Das Wichtigste in Kürze
- Die Auflösung: Die IBAN LU89 7510 0013 5104 200E gehört der PayPal (Europe) S.à r.l. et Cie, S.C.A. – über dieses Sammelkonto zieht PayPal SEPA-Lastschriften ein.
- Der Ort: PayPal hat seinen europäischen Sitz in Luxemburg (Boulevard Royal), daher das Länderkürzel „LU“.
- Der Grund: Sie haben etwas per PayPal bezahlt und dort Ihr Bankkonto als Zahlungsquelle hinterlegt – oder ein Abo läuft über eine PayPal-Zahlungsvereinbarung.
- Zuordnung: Welcher Kauf dahintersteckt, sehen Sie nicht auf dem Kontoauszug, sondern in Ihren PayPal-Aktivitäten.
Was ist das für eine Nummer?
LU89 7510 0013 5104 200E ist eine luxemburgische IBAN – das Bankkonto, über das PayPal Europe Lastschriften von deutschen Girokonten einzieht. Wer bei PayPal sein Bankkonto als Zahlungsquelle nutzt, autorisiert PayPal per SEPA-Mandat, fällige Beträge direkt abzubuchen. Auf dem Kontoauszug erscheint dann nicht der Shop, bei dem Sie eingekauft haben, sondern diese zentrale PayPal-IBAN.
Genau das sorgt für Verwirrung: Der eigentliche Händlername taucht bestenfalls verkürzt im Verwendungszweck auf – oft steht dort nur eine PayPal-Referenznummer. Millionen deutscher Kontoauszüge zeigen diese Kennung, sie ist also für sich genommen kein Alarmsignal.
Die häufigsten Ursachen für diese Abbuchung
1. Ein ganz normaler PayPal-Einkauf
Sie haben in einem Online-Shop mit PayPal bezahlt und als Zahlungsquelle Ihr Bankkonto hinterlegt. PayPal streckt den Betrag dem Händler vor und zieht ihn anschließend per Lastschrift von Ihrem Konto ein – über genau diese IBAN.
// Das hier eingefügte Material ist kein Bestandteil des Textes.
lemma utility_ramp: "utility (ramp y)"
  and utility_collapse: "utility (collapse y)"
  unfolding utility_def collapse_def ramp_def mono_def
  by (intro conjI allI impI continuous_intros; auto)+

lemma sublevel_ramp:
  "t < 0 \<Longrightarrow> {s. ramp y s \<le> t} = {}"
  "0 \<le> t \<Longrightarrow> t < 1 \<Longrightarrow> {s. ramp y s \<le> t} = {..y + t}"
  "1 \<le> t \<Longrightarrow> {s. ramp y s \<le> t} = UNIV"
  unfolding ramp_def by auto

lemma sublevel_collapse:
  "t < y \<Longrightarrow> {s. collapse y s \<le> t} = {..t}"
  "y \<le> t \<Longrightarrow> {s. collapse y s \<le> t} = {..t + 1}"
  unfolding collapse_def ramp_def by auto

lemma surj_collapse: "surj (collapse y)"
proof (rule surjI)
  fix t
  show "collapse y (if t < y then t else t + 1) = t"
    by (simp add: collapse_def ramp_def)
qed

lemma utility_transform_ramp_collapse:
  assumes "F \<in> cdfM"
  shows "utility_transform (ramp y) (F \<circ> collapse y) = step_cdf (F y) 1"
proof
  fix t
  have "F \<circ> collapse y \<in> cdfM"
    using assms utility_collapse surj_collapse by (rule cdfM_comp_surj_utility)
  then have "utility_transform (ramp y) (F \<circ> collapse y) t = pushforward_cdf (ramp y) (F \<circ> collapse y) t"
    by (simp add: utility_transform_eq_pushforward_cdf utility_ramp)
  also have "\<dots> = step_cdf (F y) 1 t"
  proof -
    consider "t < 0" | "0 \<le> t" "t < 1" | "1 \<le> t"
      by linarith
    then show ?thesis
    proof cases
      case 2
      have "collapse y (y + t) = y"
        using 2 by (simp add: collapse_def ramp_def)
      then show ?thesis
        using 2 by (simp add: sublevel_ramp pushforward_cdf_atMost step_cdf_def)
    qed (simp_all add: sublevel_ramp pushforward_cdf_empty pushforward_cdf_UNIV step_cdf_def)
  qed
  finally show "utility_transform (ramp y) (F \<circ> collapse y) t = step_cdf (F y) 1 t" .
qed

locale utility_commuting =
  fixes T :: "(real \<Rightarrow> real) \<Rightarrow> real \<Rightarrow> real"
  assumes cdfM_closed: "F \<in> cdfM \<Longrightarrow> T F \<in> cdfM"
    and commute: "utility u \<Longrightarrow> F \<in> cdfM \<Longrightarrow> T (utility_transform u F) = utility_transform u (T F)"
begin

lemma fixes_point_mass: "T (\<lambda>t. if t < c then 0 else 1) = (\<lambda>t. if t < c then 0 else 1)"
proof -
  have G: "step_cdf 0 1 \<in> cdfM"
    by (rule step_cdf_cdfM) simp_all
  show ?thesis
    using commute[OF utility_const G] cdfM_closed[OF G]
    by (simp add: utility_transform_const G)
qed

definition induced_distortion :: "real \<Rightarrow> real" where
  "induced_distortion p = T (step_cdf p 1) 0"
(* Let $p$ be an odd prime. Then the power series \[ \sum_{s=0}^{\infty}\frac{X^{sp}}{(sp)!}\cdot\sum_{r=0}^{\infty}\frac{(-X)^{rp}}{(rp)!}\cdot\sum_{i=1}^{\infty}X^{p^i}\in\mathbb{Q}[[X]] \] has $p$-integral coefficients, and it is congruent to $X^p$ modulo $p$ (i.e. its reduction modulo $p$ in $\mathbb{F}_p[[X]]$ equals $X^p$). *)

theory Defs
  imports "HOL-Computational_Algebra.Computational_Algebra" "HOL-Computational_Algebra.Primes"
begin

definition p_integral :: "nat \<Rightarrow> rat \<Rightarrow> bool" where
  "p_integral p q \<longleftrightarrow> \<not> int p dvd snd (quotient_of q)"

definition exp_p :: "nat \<Rightarrow> rat fps" where
  "exp_p p = Abs_fps (\<lambda>n. if p dvd n then 1 / fact n else 0)"

definition exp_p_neg :: "nat \<Rightarrow> rat fps" where
  "exp_p_neg p = Abs_fps (\<lambda>n. if p dvd n then (-1) ^ n / fact n else 0)"

definition pow_series :: "nat \<Rightarrow> rat fps" where
  "pow_series p = Abs_fps (\<lambda>n. if \<exists>i\<ge>1. n = p ^ i then 1 else 0)"

end

theory Submission
  imports Defs "HOL-Number_Theory.Residues"
begin

hide_const (open) up_ring.coeff up_ring.monom module.smult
2. Abos mit PayPal-Zahlungsvereinbarung
Streaming-Dienste, Apps, Dating-Portale oder Spiele-Abos, die Sie einmal mit PayPal bezahlt haben, buchen über sogenannte Zahlungsvereinbarungen automatisch weiter ab. Wiederkehrende gleiche Beträge deuten auf so ein Abo hin.
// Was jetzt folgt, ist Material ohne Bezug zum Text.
lemma y_in: "y k \<in> \<Lambda>"
  using convex lam_in v_in theta_pos[of k] theta_less_1[of k] by (simp add: y_eq convex_alt)

lemma d_le_prox_linearization:
  assumes l: "l \<in> \<Lambda>"
  shows "d l \<le> d (lam (Suc k)) + (1 / eta k) * ((gh (lam (Suc k)) - gh (y k)) \<bullet> (l - lam (Suc k)))"
proof -
  let ?a = "1 / eta k" and ?L = "lam (Suc k)"
  let ?f = "\<lambda>z. d z + (0 + (?a *\<^sub>R gh (y k)) \<bullet> z)"
  have shift: "?f z - ?a * h z = d z - ?a * bregman h gh z (y k) - ?a * (h (y k) - gh (y k) \<bullet> y k)"
    for z by (simp add: bregman_def inner_diff_right algebra_simps)
  have "?f z - ?a * h z \<le> ?f ?L - ?a * h ?L" if "z \<in> \<Lambda>" for z
    unfolding shift using lam_Suc_max[OF that, of k] by simp
  then have "?f l - ?f ?L \<le> ?a * (gh ?L \<bullet> (l - ?L))"
    using eta_pos[of k]
    by (intro concave_maximizer_first_order[OF _ _ lam_Suc_in l h_deriv[OF lam_Suc_in]]
        concave_on_add d_concave concave_on_affine convex) auto
  then show ?thesis by (simp add: inner_diff_right inner_diff_left algebra_simps)
qed

lemma phi_plus_Aseq_h_concave: "concave_on \<Lambda> (\<lambda>l. phi k l + Aseq k * h l)"
proof (induction k)
  case 0
  have "(\<lambda>l. phi 0 l + Aseq 0 * h l)
      = (\<lambda>l. (d (lam 0) + A * h (lam 0) - A * (gh (lam 0) \<bullet> lam 0)) + (A *\<^sub>R gh (lam 0)) \<bullet> l)"
    by (simp add: Aseq0 bregman_def inner_diff_right algebra_simps)
  then show ?case using concave_on_affine[OF convex] by (simp only:)
next
  case (Suc k)
  let ?g = "gh (lam (Suc k)) - gh (y k)"
  have "(\<lambda>l. phi (Suc k) l + Aseq (Suc k) * h l)
      = (\<lambda>l. (1 - theta k) * (phi k l + Aseq k * h l)
          + theta k * ((d (lam (Suc k)) - (1 / eta k) * (?g \<bullet> lam (Suc k))) + ((1 / eta k) *\<^sub>R ?g) \<bullet> l))"
    by (simp add: Aseq_Suc inner_diff_right algebra_simps)
  moreover have "concave_on \<Lambda> (\<lambda>l. (1 - theta k) * (phi k l + Aseq k * h l) + theta k * (c + w \<bullet> l))"
    for c w using theta_pos[of k] theta_less_1[of k]
    by (intro concave_on_add concave_on_cmul[OF _ Suc] concave_on_cmul[OF _ concave_on_affine[OF convex]])
      auto
  ultimately show ?case by (simp only:)
qed

lemma phi_le_phi_v: "l \<in> \<Lambda> \<Longrightarrow> phi k l \<le> phi k (v k)"
  using bregman_nonneg_on[OF lam0_in, of l] A_pos v_Suc_max
  by (cases k) (simp_all add: v0 bregman_def)

lemma phi_le_phi_v_minus_bregman:
  assumes l: "l \<in> \<Lambda>"
  shows "phi k l \<le> phi k (v k) - Aseq k * bregman h gh l (v k)"
proof -
  have "(phi k l + Aseq k * h l) - (phi k (v k) + Aseq k * h (v k)) \<le> Aseq k * (gh (v k) \<bullet> (l - v k))"
    using phi_le_phi_v Aseq_pos
    by (intro concave_maximizer_first_order[OF phi_plus_Aseq_h_concave _ v_in l h_deriv[OF v_in]]) auto
  then show ?thesis by (simp add: bregman_def algebra_simps)
qed

lemma phi_lower_bound:
  assumes l: "l \<in> \<Lambda>"
  shows "(1 - Aseq k / A) * d l + (Aseq k / A) * phi 0 l \<le> phi k l"
proof (induction k)
  case 0 then show ?case using Aseq0 A_pos by simp
next
  case (Suc k)
  have "(1 - Aseq (Suc k) / A) * d l + (Aseq (Suc k) / A) * phi 0 l
      = (1 - theta k) * ((1 - Aseq k / A) * d l + (Aseq k / A) * phi 0 l) + theta k * d l"
    using A_pos by (simp add: Aseq_Suc field_simps)
  also have "\<dots> \<le> (1 - theta k) * phi k l + theta k * (d (lam (Suc k))
          + (1 / eta k) * ((gh (lam (Suc k)) - gh (y k)) \<bullet> (l - lam (Suc k))))"
    using Suc theta_pos[of k] theta_less_1[of k] d_le_prox_linearization[OF l, of k]
    by (intro add_mono mult_left_mono) auto
  also have "\<dots> = phi (Suc k) l" by simp
  finally show ?case .
qed

lemma phi_v_le_d: "phi k (v k) \<le> d (lam k)"
proof (induction k)
  case 0 then show ?case using v0 by (simp add: bregman_def)
next
  case (Suc k)
  let ?t = "theta k" and ?e = "eta k" and ?L = "lam (Suc k)" and ?g = "gh (lam (Suc k)) - gh (y k)"
  have "phi (Suc k) l \<le> d ?L" if l: "l \<in> \<Lambda>" for l
  proof -
    define z where "z = (1 - ?t) *\<^sub>R lam k + ?t *\<^sub>R l"
    have z: "z \<in> \<Lambda>" unfolding z_def
      using convex lam_in l theta_pos[of k] theta_less_1[of k] by (simp add: convex_alt)
    have "phi k l \<le> d (lam k) - Aseq k * bregman h gh l (v k)"
      using phi_le_phi_v_minus_bregman[OF l, of k] Suc by simp
    also have "d (lam k) \<le> d ?L + (1 / ?e) * (?g \<bullet> (lam k - ?L))"
      by (rule d_le_prox_linearization[OF lam_in])
    finally have "phi (Suc k) l \<le> (1 - ?t) * (d ?L + (1 / ?e) * (?g \<bullet> (lam k - ?L)) - Aseq k * bregman h gh l (v k))
        + ?t * (d ?L + (1 / ?e) * (?g \<bullet> (l - ?L)))"
      using theta_less_1[of k] by (simp add: mult_left_mono)
    also have "\<dots> = d ?L + (1 / ?e) * ((1 - ?t) * (?g \<bullet> (lam k - ?L)) + ?t * (?g \<bullet> (l - ?L)))
        - (1 - ?t) * Aseq k * bregman h gh l (v k)"
      by (simp only: algebra_simps)
    also have "(1 - ?t) * (?g \<bullet> (lam k - ?L)) + ?t * (?g \<bullet> (l - ?L)) = ?g \<bullet> (z - ?L)"
      unfolding z_def by (simp add: inner_diff_right inner_add_right algebra_simps)
    also have "?g \<bullet> (z - ?L) \<le> bregman h gh z (y k)"
      using bregman_three_point[of gh ?L "y k" z h] bregman_nonneg_on[OF y_in[of k] lam_Suc_in[of k]]
        bregman_nonneg_on[OF lam_Suc_in[of k] z] by linarith
    also have "bregman h gh z (y k) \<le> G * ?t\<^sup>2 * bregman h gh l (v k)"
      unfolding z_def y_eq using theta_pos[of k] theta_less_1[of k]
      by (intro triangle_scaling lam_in l v_in) simp_all
    also have "G * ?t\<^sup>2 = ?e * ((1 - ?t) * Aseq k)" using theta_square[of k] G_pos by (simp add: field_simps)
    finally show ?thesis using eta_pos[of k] by (simp add: field_simps)
  qed
  then show ?case using v_Suc_in by blast
qed

lemma estimate_sequence_bound:
  assumes l: "l \<in> \<Lambda>"
  shows "d l - d (lam n) \<le> Aseq n / A * (d l - d (lam 0) + A * bregman h gh l (lam 0))"
proof -
  have "(1 - Aseq n / A) * d l + (Aseq n / A) * phi 0 l \<le> phi n l" by (rule phi_lower_bound[OF l])
  also have "\<dots> \<le> phi n (v n)" by (rule phi_le_phi_v[OF l])
  also have "\<dots> \<le> d (lam n)" by (rule phi_v_le_d)
  finally have "(1 - Aseq n / A) * d l + (Aseq n / A) * phi 0 l \<le> d (lam n)" .
  then show ?thesis using A_pos by (simp add: algebra_simps)
qed

lemma prod_one_minus_theta: "(\<Prod>k<n. 1 - theta k) = Aseq n / A"
  using A_pos by (induction n) (simp_all add: Aseq0 Aseq_Suc)

lemma sqrt_ratio_increment_bounds:
  "(1/2) * sqrt (A / G) * sqrt (eta k) \<le> sqrt (A / Aseq (Suc k)) - sqrt (A / Aseq k)"
  "sqrt (A / Aseq (Suc k)) - sqrt (A / Aseq k) \<le> sqrt (A / G) * sqrt (eta k)"
proof -
  define x where "x = sqrt (Aseq k)"
  define z where "z = sqrt (Aseq (Suc k))"
  define q where "q = sqrt (eta k / G)"
  have x2: "x\<^sup>2 = Aseq k" and z2: "z\<^sup>2 = Aseq (Suc k)" and z: "z > 0"
    using Aseq_pos unfolding x_def z_def by (simp_all add: less_imp_le)
  have zx: "z \<le> x" unfolding z_def x_def using Aseq_pos[of k] theta_pos[of k]
    by (intro real_sqrt_le_mono) (simp add: Aseq_Suc mult_left_le_one_le)
  have q: "q \<ge> 0" unfolding q_def using eta_pos[of k] G_pos by simp
  have "(theta k)\<^sup>2 = (eta k / G) * z\<^sup>2" using theta_square[of k] by (simp add: z2 Aseq_Suc field_simps)
  then have "sqrt ((eta k / G) * z\<^sup>2) = theta k"
    using theta_pos[of k] by (intro real_sqrt_unique) simp_all
  then have "theta k = q * sqrt (z\<^sup>2)" unfolding q_def by (simp only: real_sqrt_mult)
  then have "theta k = q * z" using z by simp
  then have "x\<^sup>2 - z\<^sup>2 = q * z * x\<^sup>2" unfolding x2 z2 Aseq_Suc by (simp add: algebra_simps)
  note gap = reciprocal_gap_bounds[OF z zx q this]
  have "sqrt (A / Aseq (Suc k)) - sqrt (A / Aseq k) = sqrt A * (1 / z - 1 / x)"
    unfolding x_def z_def by (simp add: real_sqrt_divide algebra_simps)
  moreover have "sqrt A * q = sqrt (A / G) * sqrt (eta k)"
    unfolding q_def by (simp add: real_sqrt_divide)
  ultimately show "(1/2) * sqrt (A / G) * sqrt (eta k) \<le> sqrt (A / Aseq (Suc k)) - sqrt (A / Aseq k)"
    and "sqrt (A / Aseq (Suc k)) - sqrt (A / Aseq k) \<le> sqrt (A / G) * sqrt (eta k)"
    using mult_left_mono[OF gap(1), of "sqrt A"] mult_left_mono[OF gap(2), of "sqrt A"] A_pos
    by (simp_all add: algebra_simps)
qed

lemma sqrt_ratio_bounds:
  "1 + (1/2) * sqrt (A / G) * (\<Sum>k<n. sqrt (eta k)) \<le> sqrt (A / Aseq n)"
  "sqrt (A / Aseq n) \<le> 1 + sqrt (A / G) * (\<Sum>k<n. sqrt (eta k))"
proof (induction n)
  case 0
  show "1 + (1/2) * sqrt (A / G) * (\<Sum>k<0. sqrt (eta k)) \<le> sqrt (A / Aseq 0)"
    and "sqrt (A / Aseq 0) \<le> 1 + sqrt (A / G) * (\<Sum>k<0. sqrt (eta k))"
    using Aseq0 A_pos by simp_all
next
  case (Suc n)
  show "1 + (1/2) * sqrt (A / G) * (\<Sum>k<Suc n. sqrt (eta k)) \<le> sqrt (A / Aseq (Suc n))"
    and "sqrt (A / Aseq (Suc n)) \<le> 1 + sqrt (A / G) * (\<Sum>k<Suc n. sqrt (eta k))"
    using Suc sqrt_ratio_increment_bounds[of n] by (simp_all add: algebra_simps)
qed

lemma prod_one_minus_theta_bounds:
  "1 / (1 + sqrt (A / G) * (\<Sum>k<n. sqrt (eta k)))\<^sup>2 \<le> (\<Prod>k<n. 1 - theta k)"
  "(\<Prod>k<n. 1 - theta k) \<le> 1 / (1 + (1/2) * sqrt (A / G) * (\<Sum>k<n. sqrt (eta k)))\<^sup>2"
proof -
  define r where "r = sqrt (A / Aseq n)"
  define S where "S = (\<Sum>k<n. sqrt (eta k))"
  have "S \<ge> 0" unfolding S_def using eta_pos by (simp add: sum_nonneg less_imp_le)
  then have one_le: "1 \<le> 1 + (1/2) * sqrt (A / G) * S" using A_pos G_pos by simp
  have r: "1 + (1/2) * sqrt (A / G) * S \<le> r" "r \<le> 1 + sqrt (A / G) * S"
    using sqrt_ratio_bounds[of n] unfolding r_def S_def by auto
  have prod_eq: "(\<Prod>k<n. 1 - theta k) = 1 / r\<^sup>2"
    unfolding prod_one_minus_theta r_def using Aseq_pos[of n] A_pos by simp
  have "r\<^sup>2 \<le> (1 + sqrt (A / G) * S)\<^sup>2" and "(1 + (1/2) * sqrt (A / G) * S)\<^sup>2 \<le> r\<^sup>2"
    using r one_le by (simp_all add: power_mono)
  then show "1 / (1 + sqrt (A / G) * (\<Sum>k<n. sqrt (eta k)))\<^sup>2 \<le> (\<Prod>k<n. 1 - theta k)"
    and "(\<Prod>k<n. 1 - theta k) \<le> 1 / (1 + (1/2) * sqrt (A / G) * (\<Sum>k<n. sqrt (eta k)))\<^sup>2"
    unfolding prod_eq S_def[symmetric] using r one_le by (simp_all add: frac_le)
qed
3. Käufe anderer Personen mit Zugriff aufs PayPal-Konto
Familienmitglieder, die das gemeinsame PayPal-Konto nutzen, oder ein vergessenes Gastkonto sind eine häufige Erklärung für scheinbar „fremde“ Beträge.
Checkliste: So finden Sie die Zahlung
Bevor Sie die Lastschrift zurückgeben (was zu einem negativen PayPal-Saldo und im Zweifel zur Kontosperrung führen kann), prüfen Sie die Ursache:
- PayPal-Aktivitäten öffnen: Loggen Sie sich bei PayPal ein und vergleichen Sie unter „Aktivitäten“ Betrag und Datum mit dem Kontoauszug. Dort steht auch der Händlername.
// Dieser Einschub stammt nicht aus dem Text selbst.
lemma comod_action_smul:
  assumes rel: "rel_hopf_module eta Delta eps etaS act smulM rho"
    and modalg: "module_algebra eta Delta eps etaS act"
    and L: "represents_coaction_S eta etaS act s L"
  shows "comod_action etaS smulM rho l (smulM m s) =
    (\<Sum>(x, f)\<leftarrow>rho m. \<Sum>(t, g)\<leftarrow>L. smulM x (t * etaS (conv Delta f g l)))"
proof -
  note etaS = additive.add[OF r_algebraD(2)] additive.zero[OF r_algebraD(2)] r_algebraD(3)
  note smul = additive.add[OF rel_hopf_moduleD(1)[OF rel]] additive.zero[OF rel_hopf_moduleD(1)[OF rel]]
    additive.add[OF rel_hopf_moduleD(2)[OF rel]] additive.zero[OF rel_hopf_moduleD(2)[OF rel]]
    rel_hopf_moduleD(4)[OF rel]
  have "comod_action etaS smulM rho l (smulM m s) = (\<Sum>(x, f)\<leftarrow>rho (smulM m s). smulM x (etaS (f l)))"
    by (simp add: comod_action_def)
  also have "\<dots> = (\<Sum>(x, f)\<leftarrow>concat (map (\<lambda>(x, f). map (\<lambda>(t, g). (smulM x t, conv Delta f g)) L) (rho m)).
      smulM x (etaS (f l)))"
    using rel_hopf_moduleD(5)[OF rel L]
    by (rule teq2_sum_list_eq) (auto simp: etaS[OF module_algebraD(1)[OF modalg]] smul smD_def)
  also have "\<dots> = (\<Sum>(x, f)\<leftarrow>rho m. \<Sum>(t, g)\<leftarrow>L. smulM x (t * etaS (conv Delta f g l)))"
    by (simp add: sum_list_map_concat_map case_prod_unfold comp_def smul)
  finally show ?thesis .
qed

lemma comod_action_smul_coinvariant:
  assumes hopf: "hopf_algebra eta Delta eps ant"
    and modalg: "module_algebra eta Delta eps etaS act"
    and rel: "rel_hopf_module eta Delta eps etaS act smulM rho"
    and m: "m \<in> coinvariants eps etaS smulM rho"
  shows "comod_action etaS smulM rho l (smulM m s) = smulM m (act l s)"
proof -
  note etaS = additive.add[OF r_algebraD(2)] additive.zero[OF r_algebraD(2)] r_algebraD(3)
  note smul = additive.add[OF rel_hopf_moduleD(1)[OF rel]] additive.zero[OF rel_hopf_moduleD(1)[OF rel]]
    additive.add[OF rel_hopf_moduleD(2)[OF rel]] additive.zero[OF rel_hopf_moduleD(2)[OF rel]]
    rel_hopf_moduleD(4)[OF rel]
  have hopf_fp: "fin_proj (alg_smult eta)"
    using hopf unfolding hopf_algebra_def Let_def by blast
  obtain L where L: "represents_coaction_S eta etaS act s L"
    by (rule represents_coaction_S_exists[OF hopf_fp modalg])
  have "comod_action etaS smulM rho l (smulM m s) =
      (\<Sum>(x, f)\<leftarrow>rho m. \<Sum>(t, g)\<leftarrow>L. smulM x (t * etaS (conv Delta f g l)))"
    by (rule comod_action_smul[OF rel modalg L])
  also have "\<dots> = (\<Sum>(x, f)\<leftarrow>[(m, eps)]. \<Sum>(t, g)\<leftarrow>L. smulM x (t * etaS (conv Delta f g l)))"
    using m unfolding coinvariants_def mem_Collect_eq
    by (rule teq2_sum_list_eq)
      (auto simp: etaS[OF module_algebraD(1)[OF modalg]] smul conv_add_left conv_zero_left
        conv_smD_left case_prod_unfold sum_list_addf mult_ac distrib_left)
  also have "\<dots> = smulM m (\<Sum>(t, g)\<leftarrow>L. etaS (g l) * t)"
  proof -
    have "conv Delta eps g l = g l" if "(t, g) \<in> set L" for t g
      using L that conv_counit_left[OF hopf] unfolding represents_coaction_S_def by blast
    then show ?thesis
      unfolding additive.sum_list_map[OF rel_hopf_moduleD(2)[OF rel]]
      by (auto simp: mult.commute intro!: arg_cong[where f = sum_list])
  qed
  also have "\<dots> = smulM m (act l s)"
    using L unfolding represents_coaction_S_def by simp
  finally show ?thesis .
qed

lemma hopf_homology_zero_M_if_one_in_integral_span:
  assumes hopf: "hopf_algebra eta Delta eps ant"
    and modalg: "module_algebra eta Delta eps etaS act"
    and rel: "rel_hopf_module eta Delta eps etaS act smulM rho"
    and one: "1 \<in> integral_span eta eps act"
  shows "hopf_homology_zero_M eta eps etaS smulM rho"
  unfolding hopf_homology_zero_M_def
proof
  fix m assume m: "m \<in> coinvariants eps etaS smulM rho"
  obtain xs where xs: "\<forall>p\<in>set xs. fst p \<in> left_integrals eta eps"
    and one_eq: "1 = (\<Sum>(l, s)\<leftarrow>xs. act l s)"
    using one unfolding integral_span_def by blast
  interpret additive "smulM m" by (rule rel_hopf_moduleD(2)[OF rel])
  have "m = smulM m (\<Sum>(l, s)\<leftarrow>xs. act l s)"
    using rel_hopf_moduleD(3)[OF rel] one_eq by metis
  also have "\<dots> = (\<Sum>(l, s)\<leftarrow>map (\<lambda>(l, s). (l, smulM m s)) xs. comod_action etaS smulM rho l s)"
    by (simp add: sum_list_map comp_def case_prod_unfold
        comod_action_smul_coinvariant[OF hopf modalg rel m])
  finally have "m = \<dots>" .
  moreover have "\<forall>p\<in>set (map (\<lambda>(l, s). (l, smulM m s)) xs). fst p \<in> left_integrals eta eps"
    using xs by auto
  ultimately show "m \<in> integral_span eta eps (comod_action etaS smulM rho)"
    unfolding integral_span_def by blast
qed

theorem mainTheorem2:
  fixes eta :: "'r::comm_ring_1 \<Rightarrow> 'a::ring_1"
    and Delta :: "'a \<Rightarrow> ('a \<times> 'a) list"
    and eps :: "'a \<Rightarrow> 'r"
    and ant :: "'a \<Rightarrow> 'a"
    and etaS :: "'r \<Rightarrow> 's::comm_ring_1"
    and act :: "'a \<Rightarrow> 's \<Rightarrow> 's"
  assumes local: "local_ring TYPE('r)"
    and hopf: "hopf_algebra eta Delta eps ant"
    and modalg: "module_algebra eta Delta eps etaS act"
    and faith: "faithful act"
    and finS: "fin_proj (alg_smult etaS)"
    and rank: "\<exists>n. has_rank (alg_smult eta) n \<and> has_rank (alg_smult etaS) n"
    and inv: "inj etaS \<and> invariants eps (alg_smult etaS) act = range etaS"
  shows "(is_pid TYPE('r) \<longrightarrow>
            (tame_extension eta Delta eps etaS act \<longleftrightarrow> hopf_homology_zero_S eta eps etaS act))
       \<and> (is_field TYPE('r) \<and> tame_extension eta Delta eps etaS act \<longrightarrow>
            (\<forall>(smulM :: 'm::ab_group_add \<Rightarrow> 's \<Rightarrow> 'm) rho.
               rel_hopf_module eta Delta eps etaS act smulM rho \<longrightarrow>
               hopf_homology_zero_M eta eps etaS smulM rho))"
proof (intro conjI impI allI)
  show "tame_extension eta Delta eps etaS act \<longleftrightarrow> hopf_homology_zero_S eta eps etaS act"
    using tame_extension_iff_hopf_homology_zero_S[OF modalg faith finS rank] inv by blast
next
  fix smulM :: "'m::ab_group_add \<Rightarrow> 's \<Rightarrow> 'm" and rho
  assume "is_field TYPE('r) \<and> tame_extension eta Delta eps etaS act"
    and rel: "rel_hopf_module eta Delta eps etaS act smulM rho"
  then have "integral_span eta eps act = range etaS"
    unfolding tame_extension_def by blast
  moreover have "etaS 1 = 1"
    using r_algebraD(1)[OF module_algebraD(1)[OF modalg]] .
  ultimately have "1 \<in> integral_span eta eps act" by (metis rangeI)
  then show "hopf_homology_zero_M eta eps etaS smulM rho"
    by (rule hopf_homology_zero_M_if_one_in_integral_span[OF hopf modalg rel])
qed

end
- Zahlungsvereinbarungen prüfen: Unter „Einstellungen → Zahlungen → Automatische Zahlungen“ sehen Sie alle aktiven Abos und können sie direkt kündigen.
- Nichts gefunden? Dann den Betrag über das PayPal-Käuferschutz-/Konfliktcenter melden und bei unautorisierten Abbuchungen zusätzlich die Bank informieren. Bei einer autorisierten SEPA-Lastschrift können Sie ohne Angabe von Gründen innerhalb von 8 Wochen widersprechen (§ 675x BGB), bei nicht autorisierten Abbuchungen bis zu 13 Monate (§ 676b BGB).
Fazit
Die kryptische Nummer LU89 7510 0013 5104 200E ist der digitale Fingerabdruck von PayPal Europe. Es handelt sich nicht um eine dubiose Auslandsfirma, sondern um den normalen Lastschrifteinzug Ihrer PayPal-Zahlungen über die Europazentrale in Luxemburg. Die Zuordnung gelingt immer über die PayPal-Aktivitäten – nicht über den Kontoauszug allein. Nur wenn dort keine passende Zahlung auftaucht, besteht Handlungsbedarf: automatische Zahlungen prüfen, PayPal-Konfliktcenter einschalten und die Lastschrift-Widerspruchsfristen (8 Wochen bzw. 13 Monate) nutzen.